You are given a representation of a city as a grid with R representing roads and B representing buildings. A patrol station placed on any road cell can cover all road cells in the same connected component (cells that are adjacent horizontally or vertically). Your task is to determine the minimum number of patrol stations required so that every road cell is patrolled.

Formally, for each test case, you are given an integer T representing the number of test cases. Each test case starts with two integers N and M denoting the number of rows and columns of the grid. This is followed by N lines, each containing a string of length M. The goal is to count the number of connected components consisting solely of the character R.

The connectivity is defined in the four cardinal directions (up, down, left, right). In other words, two R cells belong to the same connected component if they are adjacent (not diagonally) or can be connected via a sequence of adjacent road cells.
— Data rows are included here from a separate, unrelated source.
lemma very_moderate_decrease_swap:
  "very_moderate_decrease f \<Longrightarrow> very_moderate_decrease (\<lambda>x y. f y x)"
  unfolding very_moderate_decrease_def by (metis norm_Pair_swap)

lemma moderate_decrease_swap:
  "moderate_decrease f \<Longrightarrow> moderate_decrease (\<lambda>x y. f y x)"
  unfolding moderate_decrease_def by (metis norm_Pair_swap)

lemma partial_x_swap: "partial_x (\<lambda>x y. f y x) = (\<lambda>x y. partial_y f y x)"
  unfolding partial_x_def partial_y_def by simp

lemma abs_le_div_power_if_le_norm:
  fixes f :: "real \<Rightarrow> real \<Rightarrow> real"
  assumes decay: "\<And>x y. 1 < norm (x, y) \<Longrightarrow> \<bar>f x y\<bar> \<le> C / norm (x, y) ^ n"
    and "0 \<le> C" and "1 < t" and "t \<le> norm (x, y)"
  shows "\<bar>f x y\<bar> \<le> C / t ^ n"
proof -
  have "\<bar>f x y\<bar> \<le> C / norm (x, y) ^ n" using assms by (intro decay) linarith
  also have "\<dots> \<le> C / t ^ n"
    using assms by (intro divide_left_mono power_mono mult_pos_pos zero_less_power) auto
  finally show ?thesis .
qed

lemma very_moderate_decrease_tendsto_zero_fst:
  assumes "very_moderate_decrease f"
  shows "((\<lambda>x. f x y) \<longlongrightarrow> 0) at_infinity"
proof -
  obtain C where "0 < C" and C: "\<And>x y. 1 < norm (x, y) \<Longrightarrow> \<bar>f x y\<bar> \<le> C / norm (x, y) ^ 1"
    using assms unfolding very_moderate_decrease_def by auto
  have "\<bar>f x y\<bar> \<le> C / \<bar>x\<bar> ^ 1" if "1 < \<bar>x\<bar>" for x
    using abs_le_div_power_if_le_norm[OF C, where x=x and y=y and t="\<bar>x\<bar>"] \<open>0 < C\<close> that
      norm_fst_le[of x y] by simp
  then show ?thesis by (intro tendsto_zero_at_infinity_if_decay[where n=1]) auto
qed

lemma moderate_decrease_bounds:
  assumes "moderate_decrease f"
  obtains C where "0 < C" and "\<And>x y. 1 < \<bar>x\<bar> \<Longrightarrow> \<bar>f x y\<bar> \<le> C / x\<^sup>2"
    and "\<And>x y. 1 < \<bar>y\<bar> \<Longrightarrow> \<bar>f x y\<bar> \<le> C / y\<^sup>2"
proof -
  obtain C where "0 < C" and C: "\<And>x y. 1 < norm (x, y) \<Longrightarrow> \<bar>f x y\<bar> \<le> C / norm (x, y) ^ 2"
    using assms unfolding moderate_decrease_def by blast
  show ?thesis
  proof (rule that[OF \<open>0 < C\<close>])
    fix x y :: real
    show "\<bar>f x y\<bar> \<le> C / x\<^sup>2" if "1 < \<bar>x\<bar>"
      using abs_le_div_power_if_le_norm[OF C, where x=x and y=y and t="\<bar>x\<bar>"] \<open>0 < C\<close> that
        norm_fst_le[of x y] by simp
    show "\<bar>f x y\<bar> \<le> C / y\<^sup>2" if "1 < \<bar>y\<bar>"
      using abs_le_div_power_if_le_norm[OF C, where x=x and y=y and t="\<bar>y\<bar>"] \<open>0 < C\<close> that
        norm_snd_le[of y x] by simp
  qed
qed
lemma pd_quad_merge_edges_image:
  assumes G: "is_pdCG p \<tau> G"
  defines "EE \<equiv> pd_EE p \<tau> G"
  shows "pd_quad p q \<tau> ` {merge_edges \<tau> G e | e.
      {e} \<in> eclasses G \<and> {tau_e \<tau> e} \<in> eclasses G \<and> e \<noteq> tau_e \<tau> e} =
    {(pd_edges G, pd_LL q G, EE - {e}) | e. e \<in> EE}"
    (is "?image = ?R")
proof
  show "?image \<subseteq> ?R"
  proof
    fix x assume "x \<in> ?image"
    then obtain e where e: "{e} \<in> eclasses G" "{tau_e \<tau> e} \<in> eclasses G" "e \<noteq> tau_e \<tau> e"
      "x = pd_quad p q \<tau> (merge_edges \<tau> G e)"
      by blast
    then obtain f where f: "f \<in> EE" "EE - {e, tau_e \<tau> e} = EE - {f}"
      using pd_EE_Diff_twins[OF G] unfolding EE_def by blast
    then have "x = (pd_edges G, pd_LL q G, EE - {f})"
      using e pd_quad_merge_edges[OF G e(1-3)] unfolding EE_def by simp
    then show "x \<in> ?R" using f(1) by blast
  qed
  show "?R \<subseteq> ?image"
  proof
    fix x assume "x \<in> ?R"
    then obtain e where e: "e \<in> EE" "x = (pd_edges G, pd_LL q G, EE - {e})" by blast
    then have atoms: "{e} \<in> eclasses G" "{tau_e \<tau> e} \<in> eclasses G" "e \<noteq> tau_e \<tau> e"
      using pd_EE_iff[OF G] edge_singleton_tau[OF G] tau_e_fixed_not_F_L unfolding EE_def by metis+
    then have "x = pd_quad p q \<tau> (merge_edges \<tau> G e)"
      using pd_quad_merge_edges[OF G atoms] pd_EE_Diff_tau_e[OF G] e unfolding EE_def by simp
    then show "x \<in> ?image" using atoms by blast
  qed
qed

lemma edge_class_cases_EE:
  assumes G: "is_pdCG p \<tau> G" and C: "C \<in> eclasses G"
  obtains (atom_EE) e where "C = {e}" "e \<in> pd_EE p \<tau> G"
    | (atom_twin_EE) e where "C = {tau_e \<tau> e}" "e \<in> pd_EE p \<tau> G"
    | (atom_unpaired) e where "C = {e}" "e \<in> pd_edges G" "tau_e \<tau> e \<notin> pd_edges G"
    | (atom_self_twin) i where "C = {(i, \<tau> i)}" "i \<in> {1..p}" "(i, \<tau> i) \<in> pd_edges G"
    | (pair) e where "C = {e, tau_e \<tau> e}" "e \<in> pd_edges G" "tau_e \<tau> e \<in> pd_edges G"
        "e \<noteq> tau_e \<tau> e" "e \<notin> pd_EE p \<tau> G" "tau_e \<tau> e \<notin> pd_EE p \<tau> G"
proof -
  consider e where "C = {e}" | e where "e \<noteq> tau_e \<tau> e" "C = {e, tau_e \<tau> e}"
    using pdCG_etwins[OF G] C unfolding twin_classes_def by blast
  then show ?thesis
  proof cases
    case (1 e)
    then have e: "e \<in> pd_edges G" "{e} \<in> eclasses G" using C unfolding pd_edges_def by auto
    then have eF: "e \<in> F_V p" using pdCG_edges[OF G] by blast
    consider "tau_e \<tau> e \<notin> pd_edges G" | "tau_e \<tau> e = e" | "e \<in> pd_EE p \<tau> G" | "tau_e \<tau> e \<in> pd_EE p \<tau> G"
      using edge_singleton_iff_EE[OF G e(1)] e(2) by blast
    then show ?thesis
    proof cases
      case 2
      then have "e = (fst e, \<tau> (fst e))" "fst e \<in> {1..p}"
        using tau_e_fixed_iff[OF eF] eF unfolding F_V_def by auto
      then show ?thesis using atom_self_twin 1 e(1) by metis
    next
      case 4
      then show ?thesis using atom_twin_EE[of "tau_e \<tau> e"] 1 pdCG_tau_e_tau_e[OF G e(1)] by simp
    qed (use 1 e atom_EE atom_unpaired in blast)+
  next
    case (2 e)
    then have "e \<in> pd_edges G" "tau_e \<tau> e \<in> pd_edges G" using C unfolding pd_edges_def by auto
    moreover have "{e} \<notin> eclasses G" "{tau_e \<tau> e} \<notin> eclasses G"
      using partition_on_pair_not_singleton[OF pdCG_eclasses[OF G]] C 2 by blast+
    ultimately show ?thesis using pair 2 pd_EE_iff[OF G] by blast
  qed
qed

lemma edge_classes_by_EE:
  assumes G: "is_pdCG p \<tau> G"
  shows "e \<in> pd_EE p \<tau> G \<Longrightarrow> {e} \<in> eclasses G"
    and "e \<in> pd_EE p \<tau> G \<Longrightarrow> {tau_e \<tau> e} \<in> eclasses G"
    and "e \<in> pd_edges G \<Longrightarrow> tau_e \<tau> e \<notin> pd_edges G \<Longrightarrow> {e} \<in> eclasses G"
    and "i \<in> {1..p} \<Longrightarrow> (i, \<tau> i) \<in> pd_edges G \<Longrightarrow> {(i, \<tau> i)} \<in> eclasses G"
    and "e \<in> pd_edges G \<Longrightarrow> tau_e \<tau> e \<in> pd_edges G \<Longrightarrow> e \<noteq> tau_e \<tau> e \<Longrightarrow>
      e \<notin> pd_EE p \<tau> G \<Longrightarrow> tau_e \<tau> e \<notin> pd_EE p \<tau> G \<Longrightarrow> {e, tau_e \<tau> e} \<in> eclasses G"
proof -
  show "e \<in> pd_EE p \<tau> G \<Longrightarrow> {e} \<in> eclasses G" using pd_EE_iff[OF G] by blast
  then show "e \<in> pd_EE p \<tau> G \<Longrightarrow> {tau_e \<tau> e} \<in> eclasses G"
    using pd_EE_iff[OF G] edge_singleton_tau[OF G] by blast
  show "e \<in> pd_edges G \<Longrightarrow> tau_e \<tau> e \<notin> pd_edges G \<Longrightarrow> {e} \<in> eclasses G"
    using edge_singleton_iff_EE[OF G] by blast
  show "{(i, \<tau> i)} \<in> eclasses G" if "i \<in> {1..p}" "(i, \<tau> i) \<in> pd_edges G"
    using that edge_singleton_iff_EE[OF G] tau_e_fixed_iff pdCG_edges[OF G] by fastforce
  show "{e, tau_e \<tau> e} \<in> eclasses G" if "e \<in> pd_edges G" "tau_e \<tau> e \<in> pd_edges G"
    "e \<noteq> tau_e \<tau> e" "e \<notin> pd_EE p \<tau> G" "tau_e \<tau> e \<notin> pd_EE p \<tau> G"
    using that edge_singleton_iff_EE[OF G] edge_class_cases[OF G] by metis
qed

lemma pd_quad_remove_atom:
  assumes G: "is_pdCG p \<tau> G" and e: "e \<in> pd_EE p \<tau> G"
  shows "pd_quad p q \<tau> (remove_class G {e}) = (pd_edges G - {e}, pd_LL q G, pd_EE p \<tau> G - {e})"
    and "pd_quad p q \<tau> (remove_class G {tau_e \<tau> e}) =
      (pd_edges G - {tau_e \<tau> e}, pd_LL q G, pd_EE p \<tau> G - {e})"
proof -
  have "tau_e \<tau> (tau_e \<tau> e) = e" using pdCG_tau_e_tau_e[OF G] pd_EE_iff[OF G] e by blast
  then show "pd_quad p q \<tau> (remove_class G {e}) = (pd_edges G - {e}, pd_LL q G, pd_EE p \<tau> G - {e})"
    "pd_quad p q \<tau> (remove_class G {tau_e \<tau> e}) =
      (pd_edges G - {tau_e \<tau> e}, pd_LL q G, pd_EE p \<tau> G - {e})"
    using pd_quad_remove_class[OF G edge_classes_by_EE(1)[OF G e]]
      pd_quad_remove_class[OF G edge_classes_by_EE(2)[OF G e]] pd_EE_Diff_tau_e[OF G e]
    by (simp_all add: insert_commute)
qed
Count the number of such components; this number is the minimum number of patrol stations needed.

inputFormat

The first line contains an integer T, the number of test cases. Each test case is specified as follows:

• The first line contains two integers N and M — the number of rows and columns of the grid.
• The next N lines each contain a string of length M representing the grid. The character R denotes a road and B denotes a building.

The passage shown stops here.